Sunday, July 24, 2011

Boehner Works on Sunday Debt Ceiling Agreement

During his latest public attack on the House Republicans, President Obama said during his press conference Friday afternoon that he had "summoned" the House and Senate leaders to the White House for a meeting Saturday at 11:00 AM.

"They are going to have to explain to me how we do not default", President Obama said.

Got that? Instead of stepping up and doing his job, President Obama wants to continue on as Bystander-in-Chief and insist on continuing to lay everything at the feet of Congress.

So, turns out the meeting didn't last very long at all:

Saturday's meeting, according to White House officials, lasted for 50 minutes.

"The President wanted to know that there was a plan for preventing national default," McConnell said in a statement released after the meeting broke up. "The bipartisan leadership in Congress is committed to working on new legislation that will prevent default while substantially reducing Washington spending."


In other words, nothing was accomplished.

By late Saturday, Speaker Boehner sounded resolved to a short term extension as the path forward in the immediate future:

The office of House Speaker John Boehner (R-Ohio) said late Saturday that Congress will have to resort to a two-vote approach to raise the debt-ceiling and prevent a government default.

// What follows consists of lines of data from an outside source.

(* Let $G$ be a finite group of order $n$, $k$ a positive integer, $a_1,\dots,a_k,b_1,\dots,b_k$ independent uniformly random elements of $G$, and for $(i,j)\in V=[k]\times[k]$ and $x\in G$ let $I_{(i,j)}(x)$ be the indicator of the event $\{x=a_ib_j \text{ or } x=b_ja_i\}$. Let $\Gamma=(V,E)$ be the graph with $(i,j)\sim(\ell,m)$ iff ($i=\ell$ and $j\ne m$) or ($i\ne \ell$ and $j=m$). Let $x,y\in G$, $v\in V$ and $u\in V$ with $u\sim v$. Then $$\mathbb{E}[I_v(x)I_u(y)]=\frac{4}{n^2}\Big(1-\frac{|C(x)|+|C(y)|}{2n}+\frac{|C(x)\cap C(y)|}{4n}\Big).$$
   Context: $[k]=\{1,\dots,k\}$; $C(x)=\{g\in G: gx=xg\}$ is the centralizer of $x$. *)

theory Defs
  imports "HOL-Algebra.Group" "HOL-Probability.Probability"
begin

definition centralizer_of :: "('a, 'b) monoid_scheme \<Rightarrow> 'a \<Rightarrow> 'a set" where
  "centralizer_of G x = {g \<in> carrier G. g \<otimes>\<^bsub>G\<^esub> x = x \<otimes>\<^bsub>G\<^esub> g}"

definition ind_I :: "('a, 'b) monoid_scheme \<Rightarrow> nat \<times> nat \<Rightarrow> 'a \<Rightarrow> (nat \<Rightarrow> 'a) \<times> (nat \<Rightarrow> 'a) \<Rightarrow> real" where
  "ind_I G v x ab = (if x = fst ab (fst v) \<otimes>\<^bsub>G\<^esub> snd ab (snd v) \<or> x = snd ab (snd v) \<otimes>\<^bsub>G\<^esub> fst ab (fst v)
                      then 1 else 0)"

definition verts :: "nat \<Rightarrow> (nat \<times> nat) set" where
  "verts k = {1..k} \<times> {1..k}"

definition gamma_adj :: "nat \<times> nat \<Rightarrow> nat \<times> nat \<Rightarrow> bool" where
  "gamma_adj u v \<longleftrightarrow> (fst u = fst v \<and> snd u \<noteq> snd v) \<or> (fst u \<noteq> fst v \<and> snd u = snd v)"

definition rand_ab :: "('a, 'b) monoid_scheme \<Rightarrow> nat \<Rightarrow> ((nat \<Rightarrow> 'a) \<times> (nat \<Rightarrow> 'a)) pmf" where
  "rand_ab G k = pmf_of_set ((PiE {1..k} (\<lambda>_. carrier G)) \<times> (PiE {1..k} (\<lambda>_. carrier G)))"

end

theory Submission
  imports Defs
begin

text \<open>
  If u and v are adjacent, the two indicators share exactly one random element c (a common a_i
  or a common b_j) and otherwise involve two further independent uniform elements. For fixed c,
  the elements d with x \<in> {cd, dc} are inv c \<otimes> x and x \<otimes> inv c, which coincide iff c \<in> C(x);
  so there are 2 - [c \<in> C(x)] of them. Hence the expectation is
  (\<Sum>c. (2 - [c \<in> C(x)]) (2 - [c \<in> C(y)])) / n^3 = (4n - 2|C(x)| - 2|C(y)| + |C(x) \<inter> C(y)|) / n^3.
\<close>

lemma pair_pmf_of_set:
  assumes "finite A" "A \<noteq> {}" "finite B" "B \<noteq> {}"
  shows "pair_pmf (pmf_of_set A) (pmf_of_set B) = pmf_of_set (A \<times> B)"
proof (rule pmf_eqI)
  fix z :: "'a \<times> 'b"
  show "pmf (pair_pmf (pmf_of_set A) (pmf_of_set B)) z = pmf (pmf_of_set (A \<times> B)) z"
    using assms by (cases z) (simp add: pmf_pair card_cartesian_product indicator_def)
qed

lemma Pi_pmf_of_set_PiE:
  assumes "finite I" "\<And>i. i \<in> I \<Longrightarrow> finite (B i)" "\<And>i. i \<in> I \<Longrightarrow> B i \<noteq> {}"
  shows "pmf_of_set (PiE I B) = Pi_pmf I undefined (\<lambda>i. pmf_of_set (B i))"
proof -
  have "PiE_dflt I undefined B = PiE I B"
    by (auto simp: PiE_dflt_def PiE_def extensional_def)
  then show ?thesis using Pi_pmf_of_set[of I B undefined] assms by simp
qed

lemma map_pmf_Pi_pmf_two_components:
  assumes "finite I" "j \<in> I" "m \<in> I" "j \<noteq> m"
  shows "map_pmf (\<lambda>f. (f j, f m)) (Pi_pmf I d p) = pair_pmf (p j) (p m)"
proof -
  have I: "I = insert j (I - {j})" using assms by auto
  have "map_pmf (\<lambda>f. (f j, f m)) (Pi_pmf I d p)
      = map_pmf (\<lambda>(y, f). (id y, f m)) (pair_pmf (p j) (Pi_pmf (I - {j}) d p))"
    using assms by (subst I, subst Pi_pmf_insert) (auto simp: pmf.map_comp o_def case_prod_unfold)
  also have "\<dots> = pair_pmf (p j) (p m)"
    unfolding map_pair using assms by (simp add: Pi_pmf_component)
  finally show ?thesis .
qed

lemma map_pmf_PiE_shared_row:
  assumes "finite I" "finite J" "i \<in> I" "j \<in> J" "m \<in> J" "j \<noteq> m"
    and "\<And>i. i \<in> I \<Longrightarrow> finite (A i) \<and> A i \<noteq> {}" "\<And>j. j \<in> J \<Longrightarrow> finite (B j) \<and> B j \<noteq> {}"
  shows "map_pmf (\<lambda>(a, b). (a i, b j, b m)) (pmf_of_set (PiE I A \<times> PiE J B))
       = pmf_of_set (A i \<times> B j \<times> B m)"
proof -
  have "pmf_of_set (PiE I A \<times> PiE J B) = pair_pmf (pmf_of_set (PiE I A)) (pmf_of_set (PiE J B))"
    using assms by (intro pair_pmf_of_set[symmetric]) (auto simp: finite_PiE PiE_eq_empty_iff)
  also have "map_pmf (\<lambda>(a, b). (a i, b j, b m)) \<dots>
      = pair_pmf (map_pmf (\<lambda>a. a i) (pmf_of_set (PiE I A))) (map_pmf (\<lambda>b. (b j, b m)) (pmf_of_set (PiE J B)))"
    by (rule map_pair)
  also have "\<dots> = pair_pmf (pmf_of_set (A i)) (pair_pmf (pmf_of_set (B j)) (pmf_of_set (B m)))"
    using assms by (simp add: Pi_pmf_of_set_PiE Pi_pmf_component map_pmf_Pi_pmf_two_components)
  also have "\<dots> = pmf_of_set (A i \<times> B j \<times> B m)"
    using assms by (simp add: pair_pmf_of_set)
  finally show ?thesis .
qed

lemma expectation_pmf_of_set_shared_factor:
  fixes f :: "'a \<Rightarrow> 'b \<Rightarrow> real" and g :: "'a \<Rightarrow> 'c \<Rightarrow> real"
  assumes "finite A" "finite B" "finite C" "A \<noteq> {}" "B \<noteq> {}" "C \<noteq> {}"
  shows "measure_pmf.expectation (pmf_of_set (A \<times> B \<times> C)) (\<lambda>(c, d, e). f c d * g c e)
       = (\<Sum>c\<in>A. (\<Sum>d\<in>B. f c d) * (\<Sum>e\<in>C. g c e)) / (card A * card B * card C)"
  using assms
  by (simp add: integral_pmf_of_set sum.cartesian_product[symmetric] sum_product card_cartesian_product
                sum.swap[of _ B] mult.assoc)

definition factorizes :: "('a, 'b) monoid_scheme \<Rightarrow> 'a \<Rightarrow> 'a \<Rightarrow> 'a \<Rightarrow> bool" where
  "factorizes G x c d \<longleftrightarrow> x = c \<otimes>\<^bsub>G\<^esub> d \<or> x = d \<otimes>\<^bsub>G\<^esub> c"

lemma factorizes_commute: "factorizes G x c d \<longleftrightarrow> factorizes G x d c"
  by (auto simp: factorizes_def)

lemma ind_I_eq_factorizes: "ind_I G v x ab = of_bool (factorizes G x (fst ab (fst v)) (snd ab (snd v)))"
  by (simp add: ind_I_def factorizes_def)

lemma (in group) factorizes_set_eq:
  assumes "c \<in> carrier G" "x \<in> carrier G"
  shows "{d \<in> carrier G. factorizes G x c d} = {inv c \<otimes> x, x \<otimes> inv c}"
proof -
  have "c \<otimes> (inv c \<otimes> x) = x" "x \<otimes> inv c \<otimes> c = x"
    using assms by (simp_all add: m_assoc[symmetric]) (simp add: m_assoc)
  then show ?thesis using assms by (auto simp: factorizes_def inv_solve_left inv_solve_right)
qed

lemma (in group) left_right_quotient_eq_iff:
  assumes "c \<in> carrier G" "x \<in> carrier G"
  shows "inv c \<otimes> x = x \<otimes> inv c \<longleftrightarrow> c \<in> centralizer_of G x"
proof -
  have "c \<otimes> (inv c \<otimes> x) \<otimes> c = x \<otimes> c" "c \<otimes> (x \<otimes> inv c) \<otimes> c = c \<otimes> x"
    using assms by (simp_all add: m_assoc[symmetric]) (simp add: m_assoc)
  moreover have "inv c \<otimes> x = x \<otimes> inv c \<longleftrightarrow> c \<otimes> (inv c \<otimes> x) \<otimes> c = c \<otimes> (x \<otimes> inv c) \<otimes> c"
    using assms by (simp del: l_inv r_inv)
  ultimately show ?thesis using assms by (auto simp: centralizer_of_def)
qed

lemma (in group) card_factorizes:
  assumes "c \<in> carrier G" "x \<in> carrier G"
  shows "card {d \<in> carrier G. factorizes G x c d} = (if c \<in> centralizer_of G x then 1 else 2)"
  using assms by (simp add: factorizes_set_eq left_right_quotient_eq_iff[symmetric])

lemma (in group) sum_card_factorizes_products:
  assumes "finite (carrier G)" "x \<in> carrier G" "y \<in> carrier G"
  shows "(\<Sum>c\<in>carrier G. real (card {d \<in> carrier G. factorizes G x c d})
                         * real (card {d \<in> carrier G. factorizes G y c d}))
       = 4 * real (card (carrier G)) - 2 * real (card (centralizer_of G x))
         - 2 * real (card (centralizer_of G y)) + real (card (centralizer_of G x \<inter> centralizer_of G y))"
proof -
  let ?Cx = "centralizer_of G x" and ?Cy = "centralizer_of G y"
  have count: "(\<Sum>c\<in>carrier G. of_bool (c \<in> S)) = real (card S)" if "S \<subseteq> carrier G" for S
    using assms(1) that by (simp add: Int_absorb1 Int_def[symmetric])
  have sub: "?Cx \<subseteq> carrier G" "?Cy \<subseteq> carrier G"
    by (auto simp: centralizer_of_def)
  have "(\<Sum>c\<in>carrier G. real (card {d \<in> carrier G. factorizes G x c d})
                         * real (card {d \<in> carrier G. factorizes G y c d}))
      = (\<Sum>c\<in>carrier G. 4 - 2 * of_bool (c \<in> ?Cx) - 2 * of_bool (c \<in> ?Cy) + of_bool (c \<in> ?Cx \<inter> ?Cy))"
    using assms by (intro sum.cong) (auto simp: card_factorizes)
  also have "\<dots> = 4 * real (card (carrier G)) - 2 * (\<Sum>c\<in>carrier G. of_bool (c \<in> ?Cx))
      - 2 * (\<Sum>c\<in>carrier G. of_bool (c \<in> ?Cy)) + (\<Sum>c\<in>carrier G. of_bool (c \<in> ?Cx \<inter> ?Cy))"
    by (simp only: sum.distrib sum_subtractf sum_distrib_left[symmetric] sum_constant)
  finally show ?thesis
    using sub by (simp only: count le_infI1)
qed

lemma expectation_rand_ab_shared_row:
  fixes x y :: 'a and G :: "('a, 'b) monoid_scheme"
  assumes "finite (carrier G)" "carrier G \<noteq> {}" "i \<in> {1..k}" "j \<in> {1..k}" "m \<in> {1..k}" "j \<noteq> m"
  shows "measure_pmf.expectation (rand_ab G k)
           (\<lambda>(a, b). of_bool (factorizes G x (a i) (b j)) * of_bool (factorizes G y (a i) (b m)))
       = (\<Sum>c\<in>carrier G. real (card {d \<in> carrier G. factorizes G x c d})
                         * real (card {d \<in> carrier G. factorizes G y c d})) / real (card (carrier G)) ^ 3"
proof -
  let ?C = "carrier G"
  have "measure_pmf.expectation (rand_ab G k)
           (\<lambda>(a, b). of_bool (factorizes G x (a i) (b j)) * of_bool (factorizes G y (a i) (b m)) :: real)
      = measure_pmf.expectation (map_pmf (\<lambda>(a, b). (a i, b j, b m)) (rand_ab G k))
           (\<lambda>(c, d, e). of_bool (factorizes G x c d) * of_bool (factorizes G y c e))"
    by (simp only: integral_map_pmf case_prod_unfold fst_conv snd_conv)
  also have "map_pmf (\<lambda>(a, b). (a i, b j, b m)) (rand_ab G k) = pmf_of_set (?C \<times> ?C \<times> ?C)"
    unfolding rand_ab_def using assms by (intro map_pmf_PiE_shared_row) auto
  finally show ?thesis
    using assms by (simp add: expectation_pmf_of_set_shared_factor Int_def power3_eq_cube mult.assoc)
qed

lemma rand_ab_swap:
  assumes "finite (carrier G)" "carrier G \<noteq> {}"
  shows "map_pmf prod.swap (rand_ab G k) = rand_ab G k"
  unfolding rand_ab_def using assms
  by (subst map_pmf_of_set_inj) (auto simp: finite_PiE PiE_eq_empty_iff product_swap)

lemma expectation_rand_ab_shared_column:
  fixes x y :: 'a and G :: "('a, 'b) monoid_scheme"
  assumes "finite (carrier G)" "carrier G \<noteq> {}" "i \<in> {1..k}" "l \<in> {1..k}" "m \<in> {1..k}" "i \<noteq> l"
  shows "measure_pmf.expectation (rand_ab G k)
           (\<lambda>(a, b). of_bool (factorizes G x (a i) (b m)) * of_bool (factorizes G y (a l) (b m)))
       = (\<Sum>c\<in>carrier G. real (card {d \<in> carrier G. factorizes G x c d})
                         * real (card {d \<in> carrier G. factorizes G y c d})) / real (card (carrier G)) ^ 3"
proof -
  have "measure_pmf.expectation (rand_ab G k)
           (\<lambda>(a, b). of_bool (factorizes G x (a i) (b m)) * of_bool (factorizes G y (a l) (b m)) :: real)
      = measure_pmf.expectation (map_pmf prod.swap (rand_ab G k))
           (\<lambda>(a, b). of_bool (factorizes G x (a i) (b m)) * of_bool (factorizes G y (a l) (b m)))"
    by (simp only: rand_ab_swap[OF assms(1,2)])
  also have "\<dots> = measure_pmf.expectation (rand_ab G k)
        (\<lambda>(a, b). of_bool (factorizes G x (a m) (b i)) * of_bool (factorizes G y (a m) (b l)))"
    by (simp add: case_prod_unfold factorizes_commute)
  finally show ?thesis
    using expectation_rand_ab_shared_row[OF assms(1,2,5,3,4,6)] by simp
qed

theorem proposition4p6:
  fixes G :: "('a, 'b) monoid_scheme" and k :: nat and x y :: 'a and u v :: "nat \<times> nat"
  assumes "group G" and "finite (carrier G)" and "k \<ge> 1"
    and "x \<in> carrier G" and "y \<in> carrier G"
    and "v \<in> verts k" and "u \<in> verts k" and "gamma_adj u v"
  shows "measure_pmf.expectation (rand_ab G k) (\<lambda>ab. ind_I G v x ab * ind_I G u y ab)
     = 4 / (real (card (carrier G)))^2 *
       (1 - (real (card (centralizer_of G x)) + real (card (centralizer_of G y))) / (2 * real (card (carrier G)))
          + real (card (centralizer_of G x \<inter> centralizer_of G y)) / (4 * real (card (carrier G))))"
proof -
  interpret group G by fact
  have nonempty: "carrier G \<noteq> {}" by blast
  obtain i m l j where v: "v = (i, m)" and u: "u = (l, j)" by (cases v, cases u)
  have idx: "i \<in> {1..k}" "m \<in> {1..k}" "l \<in> {1..k}" "j \<in> {1..k}"
    using assms(6,7) by (auto simp: v u verts_def)
  let ?N = "\<lambda>z c. real (card {d \<in> carrier G. factorizes G z c d})"
  have "measure_pmf.expectation (rand_ab G k) (\<lambda>ab. ind_I G v x ab * ind_I G u y ab)
      = (\<Sum>c\<in>carrier G. ?N x c * ?N y c) / real (card (carrier G)) ^ 3"
  proof (cases "l = i")
    case True
    with assms(8) have "j \<noteq> m" by (auto simp: u v gamma_adj_def)
    then show ?thesis
      using expectation_rand_ab_shared_row[OF assms(2) nonempty idx(1,2,4)]
      by (simp add: ind_I_eq_factorizes u v True case_prod_unfold)
  next
    case False
    with assms(8) have "j = m" by (auto simp: u v gamma_adj_def)
    with False show ?thesis
      using expectation_rand_ab_shared_column[OF assms(2) nonempty idx(1,3,2)]
      by (simp add: ind_I_eq_factorizes u v case_prod_unfold)
  qed
  then show ?thesis
    using sum_card_factorizes_products[OF assms(2,4,5)] nonempty assms(2)
    by (simp add: field_simps power2_eq_square power3_eq_cube)
qed

end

"The Democrats who run Washington have refused to offer a plan," Boehner spokesman Michael Steel said in a statement. "Now, as a result, a two-step process is inevitable."

Obama remains firm in insisting that only a big solution is acceptable.

Late Saturday, Boehner convened the Congressional leaders without any representatives from the White House. Very unusual for that to happen on The Hill.

By Sunday morning talk show time, as Treasury Secretary Geithner continued the White House attack on Republicans in Congress, Speaker Boehner took the high road. He said he wouldn't take part in the "political sniping" when asked to defend the GOP against Geithner's remarks.

Boehner remains confident he can put a proposal together in time for the opening of the overseas markets - late Sunday night for us in the U.S. - so as to keep the stock markets stable, both here and around the world. Though he said he prefers a bi-partisan agreement, he said the House Republicans are prepared to go it alone in a proposal.